Estes atentados foram o modo como o movimento anarquista, ou que dele restava, tentou afirmar o seu apoio aos seus camaradas espanhóis. O que fez aumentar a repressão do Estado Novo aos oposicionistas, que atingiu tanto os presos como os que andavam em liberdade. O campo de concentração do Tarrafal abriu em Outubro de 1936 e só por um acaso, ou porque a "primeira leva" estava completa, é que Lyon de Castro ficou no forte de São João Baptista, onde, de resto, as condições prisionais eram muito semelhantes às de um "campo de morte lenta".

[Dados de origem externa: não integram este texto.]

lemma dominant_monomial_if_dominant_term:
  assumes "dominant_term (trop_support f) (trop_weight f) u k"
  obtains n where "k = int n"
    "\<And>y. norm y = exp u \<Longrightarrow> norm (poly f y - coeff f n * y ^ n) < norm (coeff f n * y ^ n)"
proof -
  obtain n where n: "n \<in> supp f" "k = int n"
    using assms unfolding dominant_term_def trop_support_def by auto
  have exp_term: "exp (trop_term (trop_weight f) (int m) u) = cmod (coeff f m) * exp u ^ m"
    if "m \<in> supp f" for m
    using that unfolding trop_term_def trop_weight_def supp_def
    by (simp add: exp_add exp_of_nat_mult)
  have "trop_support f - {k} = int ` (supp f - {n})" unfolding trop_support_def n(2) by auto
  then have "(\<Sum>j\<in>trop_support f - {k}. exp (trop_term (trop_weight f) j u))
      = (\<Sum>m\<in>supp f - {n}. cmod (coeff f m) * exp u ^ m)"
    by (simp add: sum.reindex exp_term)
  then have less: "(\<Sum>m\<in>supp f - {n}. cmod (coeff f m) * exp u ^ m) < cmod (coeff f n) * exp u ^ n"
    using assms exp_term[OF n(1)] unfolding dominant_term_def n(2) by simp
  show thesis
  proof (rule that[OF n(2)])
    fix y :: complex assume y: "norm y = exp u"
    have "poly f y - coeff f n * y ^ n = (\<Sum>m\<in>supp f - {n}. coeff f m * y ^ m)"
      unfolding poly_eq_sum_supp using n(1) finite_supp by (simp add: sum.remove)
    then have "norm (poly f y - coeff f n * y ^ n) \<le> (\<Sum>m\<in>supp f - {n}. cmod (coeff f m) * exp u ^ m)"
      using norm_sum[of "\<lambda>m. coeff f m * y ^ m" "supp f - {n}"] y by (simp add: norm_mult norm_power)
    also have "\<dots> < norm (coeff f n * y ^ n)" using less y by (simp add: norm_mult norm_power)
    finally show "norm (poly f y - coeff f n * y ^ n) < norm (coeff f n * y ^ n)" .
  qed
qed

lemma amoeba_point_near_ArchTrop:
  assumes "card (supp f) = t" "card (ArchTrop f) = 3" "\<sigma> \<in> ArchTrop f"
  shows "\<exists>\<rho>\<in>Amoeba f. \<bar>\<rho> - \<sigma>\<bar> \<le> 1 + 3 * ln (real t - 1)"
proof -
  let ?S = "trop_support f" and ?w = "trop_weight f"
  have "finite ?S" unfolding trop_support_def using finite_supp by simp
  obtain u u' k k' where uu': "u < \<sigma>" "\<sigma> < u'" "\<sigma> - u \<le> 1 + 3 * ln (real t - 1)"
      "u' - \<sigma> \<le> 1 + 3 * ln (real t - 1)"
    and dominant: "dominant_term ?S ?w u k" "dominant_term ?S ?w u' k'"
    using dominant_terms_around_breakpoint[OF \<open>finite ?S\<close>] assms
    unfolding ArchTrop_eq_breakpoints card_trop_support by metis
  have "k \<noteq> k'"
    using assms(3) unfolding ArchTrop_eq_breakpoints
    by (rule strict_max_terms_differ_across_breakpoint[OF _ uu'(1,2)
          strict_max_term_if_dominant[OF \<open>finite ?S\<close> dominant(1)]
          strict_max_term_if_dominant[OF \<open>finite ?S\<close> dominant(2)]])
  obtain n where "k = int n"
    and n: "\<And>y. norm y = exp u \<Longrightarrow> norm (poly f y - coeff f n * y ^ n) < norm (coeff f n * y ^ n)"
    using dominant_monomial_if_dominant_term[OF dominant(1)] by blast
  obtain n' where "k' = int n'"
    and n': "\<And>y. norm y = exp u' \<Longrightarrow> norm (poly f y - coeff f n' * y ^ n') < norm (coeff f n' * y ^ n')"
    using dominant_monomial_if_dominant_term[OF dominant(2)] by blast
  have "exp u < exp u'" "n \<noteq> n'" using uu'(1,2) \<open>k \<noteq> k'\<close> \<open>k = int n\<close> \<open>k' = int n'\<close> by auto
  then obtain z where z: "poly f z = 0" "exp u \<le> norm z" "norm z \<le> exp u'"
    using root_between_dominant_monomials[OF exp_gt_zero _ _ n n'] by blast
  then have "z \<noteq> 0" by auto
  have "u \<le> ln (norm z)" using z(2) \<open>z \<noteq> 0\<close> by (simp add: ln_ge_iff)
  moreover have "ln (norm z) \<le> ln (exp u')" using z(3) \<open>z \<noteq> 0\<close> by (subst ln_le_cancel_iff) auto
  moreover have "ln (norm z) \<in> Amoeba f" unfolding Amoeba_def using z(1) \<open>z \<noteq> 0\<close> by blast
  ultimately show ?thesis using uu' by (intro bexI[of _ "ln (norm z)"]) auto
qed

Continuou ligado ao PCP até à celebração do pacto germano-soviético [Agosto 1939]. A discussão foi então seca e curta com os camaradas da prisão, que aceitaram com total obediência partidária a decisão de Estaline de estender a mão a Hitler. Lyon de Castro recordava-a como se a estivesse a viver: "Como é possível que a União Soviética, país da revolução, possa entender-se com um criminoso confesso, chamado Hitler? Se os camaradas acham que é natural uma aliança com o regime nazi, então passem bem."

O respeito humano entre ele e os antigos camaradas manteve-se, mas as relações partidárias quebraram-se: "A partir daí ocupei-me em perceber as razões internas que levaram àquela aliança contranatura e não mais tive recaídas. Fiquei vacinado em relação a estruturas partidárias."

A discordância foi "inultrapassável" e sem retorno. A partir daí passou a ser "persona non grata" para o PCP, como sentirá mais tarde, quando lançar a revista "Ler", que permaneceu até ao fim da vida o seu enlevo de editor.